[Dataset excerpts Boundary: Start]

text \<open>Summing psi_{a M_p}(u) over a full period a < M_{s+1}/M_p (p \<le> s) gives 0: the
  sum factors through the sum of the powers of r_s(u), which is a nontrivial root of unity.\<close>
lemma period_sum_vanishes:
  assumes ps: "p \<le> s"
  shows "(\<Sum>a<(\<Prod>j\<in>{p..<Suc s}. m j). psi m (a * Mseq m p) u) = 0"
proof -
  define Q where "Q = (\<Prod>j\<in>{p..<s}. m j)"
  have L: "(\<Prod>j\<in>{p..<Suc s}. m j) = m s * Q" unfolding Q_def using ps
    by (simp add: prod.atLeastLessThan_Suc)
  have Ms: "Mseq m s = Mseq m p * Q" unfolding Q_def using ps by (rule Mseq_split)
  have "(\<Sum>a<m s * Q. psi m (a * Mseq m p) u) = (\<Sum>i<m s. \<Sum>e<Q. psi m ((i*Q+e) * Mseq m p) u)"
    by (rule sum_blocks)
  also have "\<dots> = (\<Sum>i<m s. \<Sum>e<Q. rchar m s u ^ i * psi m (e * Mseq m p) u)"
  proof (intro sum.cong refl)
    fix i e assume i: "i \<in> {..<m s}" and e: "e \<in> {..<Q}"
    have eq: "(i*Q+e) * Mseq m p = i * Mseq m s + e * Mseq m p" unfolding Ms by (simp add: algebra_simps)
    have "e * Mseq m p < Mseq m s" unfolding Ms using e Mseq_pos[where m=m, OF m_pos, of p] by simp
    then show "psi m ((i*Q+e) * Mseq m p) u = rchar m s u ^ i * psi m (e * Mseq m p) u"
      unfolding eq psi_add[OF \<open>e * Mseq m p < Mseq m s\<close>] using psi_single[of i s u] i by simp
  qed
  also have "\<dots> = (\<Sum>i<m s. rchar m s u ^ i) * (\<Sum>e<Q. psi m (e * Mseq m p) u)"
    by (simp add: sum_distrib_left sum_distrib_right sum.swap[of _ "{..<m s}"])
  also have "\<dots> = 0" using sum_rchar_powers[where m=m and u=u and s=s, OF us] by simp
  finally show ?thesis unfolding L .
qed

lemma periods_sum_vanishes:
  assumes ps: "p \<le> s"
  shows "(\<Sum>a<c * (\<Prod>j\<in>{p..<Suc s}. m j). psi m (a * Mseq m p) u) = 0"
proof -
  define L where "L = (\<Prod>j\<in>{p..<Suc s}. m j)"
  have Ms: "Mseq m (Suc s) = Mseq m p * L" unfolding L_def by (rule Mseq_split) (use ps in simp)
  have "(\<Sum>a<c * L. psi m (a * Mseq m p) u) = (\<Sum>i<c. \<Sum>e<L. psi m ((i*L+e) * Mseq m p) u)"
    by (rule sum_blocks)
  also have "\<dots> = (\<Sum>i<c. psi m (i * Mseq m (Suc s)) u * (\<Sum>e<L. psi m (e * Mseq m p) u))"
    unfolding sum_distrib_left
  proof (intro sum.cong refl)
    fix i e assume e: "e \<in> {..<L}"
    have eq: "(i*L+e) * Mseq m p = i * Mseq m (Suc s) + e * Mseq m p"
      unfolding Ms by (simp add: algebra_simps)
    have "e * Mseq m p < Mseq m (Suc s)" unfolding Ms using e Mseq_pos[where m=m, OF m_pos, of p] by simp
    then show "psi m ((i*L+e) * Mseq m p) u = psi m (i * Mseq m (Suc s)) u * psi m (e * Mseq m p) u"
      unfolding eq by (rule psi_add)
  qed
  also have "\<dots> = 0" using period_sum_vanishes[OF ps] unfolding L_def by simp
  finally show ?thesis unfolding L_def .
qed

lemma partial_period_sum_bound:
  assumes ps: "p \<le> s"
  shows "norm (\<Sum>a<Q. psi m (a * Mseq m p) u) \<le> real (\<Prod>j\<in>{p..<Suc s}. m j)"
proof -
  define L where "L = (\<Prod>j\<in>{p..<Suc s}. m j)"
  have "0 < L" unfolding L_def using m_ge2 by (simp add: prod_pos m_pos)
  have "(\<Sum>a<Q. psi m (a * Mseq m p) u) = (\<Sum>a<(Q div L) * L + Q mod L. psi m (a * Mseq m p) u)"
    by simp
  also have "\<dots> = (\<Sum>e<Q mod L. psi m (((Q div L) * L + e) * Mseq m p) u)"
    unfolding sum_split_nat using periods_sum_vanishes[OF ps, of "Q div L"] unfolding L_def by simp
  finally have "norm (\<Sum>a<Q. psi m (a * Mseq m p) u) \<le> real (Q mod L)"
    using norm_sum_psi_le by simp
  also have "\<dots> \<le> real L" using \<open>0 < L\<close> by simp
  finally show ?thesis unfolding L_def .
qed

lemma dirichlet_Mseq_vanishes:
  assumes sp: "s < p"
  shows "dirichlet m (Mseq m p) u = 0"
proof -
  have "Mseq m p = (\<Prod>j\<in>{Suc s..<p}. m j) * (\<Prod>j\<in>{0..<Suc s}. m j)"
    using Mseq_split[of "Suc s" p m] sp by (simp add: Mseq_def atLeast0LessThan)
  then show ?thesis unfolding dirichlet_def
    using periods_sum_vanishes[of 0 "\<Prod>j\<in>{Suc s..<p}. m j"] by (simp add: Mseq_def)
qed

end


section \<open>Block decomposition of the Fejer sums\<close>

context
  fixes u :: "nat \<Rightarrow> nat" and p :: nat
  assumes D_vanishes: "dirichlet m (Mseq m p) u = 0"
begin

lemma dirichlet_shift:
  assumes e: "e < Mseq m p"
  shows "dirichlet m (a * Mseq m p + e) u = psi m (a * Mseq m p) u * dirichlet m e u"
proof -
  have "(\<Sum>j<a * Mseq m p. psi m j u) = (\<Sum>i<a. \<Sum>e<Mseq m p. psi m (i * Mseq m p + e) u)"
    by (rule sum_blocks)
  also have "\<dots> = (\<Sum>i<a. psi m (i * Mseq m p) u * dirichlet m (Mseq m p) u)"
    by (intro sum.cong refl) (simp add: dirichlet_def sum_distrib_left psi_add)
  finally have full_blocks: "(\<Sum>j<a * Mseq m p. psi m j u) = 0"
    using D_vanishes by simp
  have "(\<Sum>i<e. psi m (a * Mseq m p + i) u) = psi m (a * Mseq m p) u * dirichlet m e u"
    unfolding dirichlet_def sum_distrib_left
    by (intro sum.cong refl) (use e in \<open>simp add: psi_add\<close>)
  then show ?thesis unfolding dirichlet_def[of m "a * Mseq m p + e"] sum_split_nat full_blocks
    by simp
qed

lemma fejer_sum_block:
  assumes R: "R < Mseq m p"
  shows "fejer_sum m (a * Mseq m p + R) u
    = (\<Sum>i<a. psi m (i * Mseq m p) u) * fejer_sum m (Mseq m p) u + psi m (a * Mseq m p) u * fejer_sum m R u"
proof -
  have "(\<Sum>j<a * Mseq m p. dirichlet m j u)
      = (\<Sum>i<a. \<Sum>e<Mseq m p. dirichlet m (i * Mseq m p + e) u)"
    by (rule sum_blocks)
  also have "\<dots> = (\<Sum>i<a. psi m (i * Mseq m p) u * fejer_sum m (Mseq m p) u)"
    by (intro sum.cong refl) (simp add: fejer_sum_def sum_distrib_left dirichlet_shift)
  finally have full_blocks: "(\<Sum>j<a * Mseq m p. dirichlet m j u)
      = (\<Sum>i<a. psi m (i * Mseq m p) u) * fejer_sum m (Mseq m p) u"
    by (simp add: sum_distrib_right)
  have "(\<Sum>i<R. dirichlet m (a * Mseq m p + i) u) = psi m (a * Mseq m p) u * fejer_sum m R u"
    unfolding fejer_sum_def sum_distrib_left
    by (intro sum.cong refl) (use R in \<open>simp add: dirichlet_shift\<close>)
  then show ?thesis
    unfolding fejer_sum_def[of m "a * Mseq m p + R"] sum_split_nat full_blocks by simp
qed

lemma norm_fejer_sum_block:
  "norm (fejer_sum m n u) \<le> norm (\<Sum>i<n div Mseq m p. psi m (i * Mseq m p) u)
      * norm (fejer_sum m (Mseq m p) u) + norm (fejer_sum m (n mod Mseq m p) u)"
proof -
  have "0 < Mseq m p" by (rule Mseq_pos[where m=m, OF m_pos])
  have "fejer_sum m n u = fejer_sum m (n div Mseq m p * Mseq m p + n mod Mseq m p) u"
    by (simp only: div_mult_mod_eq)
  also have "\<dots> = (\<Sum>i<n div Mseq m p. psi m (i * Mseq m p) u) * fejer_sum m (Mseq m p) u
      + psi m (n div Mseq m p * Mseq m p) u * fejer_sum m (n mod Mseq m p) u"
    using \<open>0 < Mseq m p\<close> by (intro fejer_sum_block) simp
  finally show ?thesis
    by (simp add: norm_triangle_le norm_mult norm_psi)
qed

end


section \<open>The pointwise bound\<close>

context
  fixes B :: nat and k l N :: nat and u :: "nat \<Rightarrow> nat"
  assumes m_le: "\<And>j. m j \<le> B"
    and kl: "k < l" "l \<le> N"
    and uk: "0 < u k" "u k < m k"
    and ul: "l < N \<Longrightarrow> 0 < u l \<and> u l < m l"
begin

[Dataset excerpts Boundary: End]

▶ [Task objective] Copy the lines of the data above exactly as written, beginning with the line containing "by (simp add: sum_distrib_left" and ending with the line containing "L\<close> by simp", and leave out all other lines.

▶ [Response below]
    by (simp add: sum_distrib_left sum_distrib_right sum.swap[of _ "{..<m s}"])
  also have "\<dots> = 0" using sum_rchar_powers[where m=m and u=u and s=s, OF us] by simp
  finally show ?thesis unfolding L .
qed

lemma periods_sum_vanishes:
  assumes ps: "p \<le> s"
  shows "(\<Sum>a<c * (\<Prod>j\<in>{p..<Suc s}. m j). psi m (a * Mseq m p) u) = 0"
proof -
  define L where "L = (\<Prod>j\<in>{p..<Suc s}. m j)"
  have Ms: "Mseq m (Suc s) = Mseq m p * L" unfolding L_def by (rule Mseq_split) (use ps in simp)
  have "(\<Sum>a<c * L. psi m (a * Mseq m p) u) = (\<Sum>i<c. \<Sum>e<L. psi m ((i*L+e) * Mseq m p) u)"
    by (rule sum_blocks)
  also have "\<dots> = (\<Sum>i<c. psi m (i * Mseq m (Suc s)) u * (\<Sum>e<L. psi m (e * Mseq m p) u))"
    unfolding sum_distrib_left
  proof (intro sum.cong refl)
    fix i e assume e: "e \<in> {..<L}"
    have eq: "(i*L+e) * Mseq m p = i * Mseq m (Suc s) + e * Mseq m p"
      unfolding Ms by (simp add: algebra_simps)
    have "e * Mseq m p < Mseq m (Suc s)" unfolding Ms using e Mseq_pos[where m=m, OF m_pos, of p] by simp
    then show "psi m ((i*L+e) * Mseq m p) u = psi m (i * Mseq m (Suc s)) u * psi m (e * Mseq m p) u"
      unfolding eq by (rule psi_add)
  qed
  also have "\<dots> = 0" using period_sum_vanishes[OF ps] unfolding L_def by simp
  finally show ?thesis unfolding L_def .
qed

lemma partial_period_sum_bound:
  assumes ps: "p \<le> s"
  shows "norm (\<Sum>a<Q. psi m (a * Mseq m p) u) \<le> real (\<Prod>j\<in>{p..<Suc s}. m j)"
proof -
  define L where "L = (\<Prod>j\<in>{p..<Suc s}. m j)"
  have "0 < L" unfolding L_def using m_ge2 by (simp add: prod_pos m_pos)
  have "(\<Sum>a<Q. psi m (a * Mseq m p) u) = (\<Sum>a<(Q div L) * L + Q mod L. psi m (a * Mseq m p) u)"
    by simp
  also have "\<dots> = (\<Sum>e<Q mod L. psi m (((Q div L) * L + e) * Mseq m p) u)"
    unfolding sum_split_nat using periods_sum_vanishes[OF ps, of "Q div L"] unfolding L_def by simp
  finally have "norm (\<Sum>a<Q. psi m (a * Mseq m p) u) \<le> real (Q mod L)"
    using norm_sum_psi_le by simp
  also have "\<dots> \<le> real L" using \<open>0 < L\<close> by simp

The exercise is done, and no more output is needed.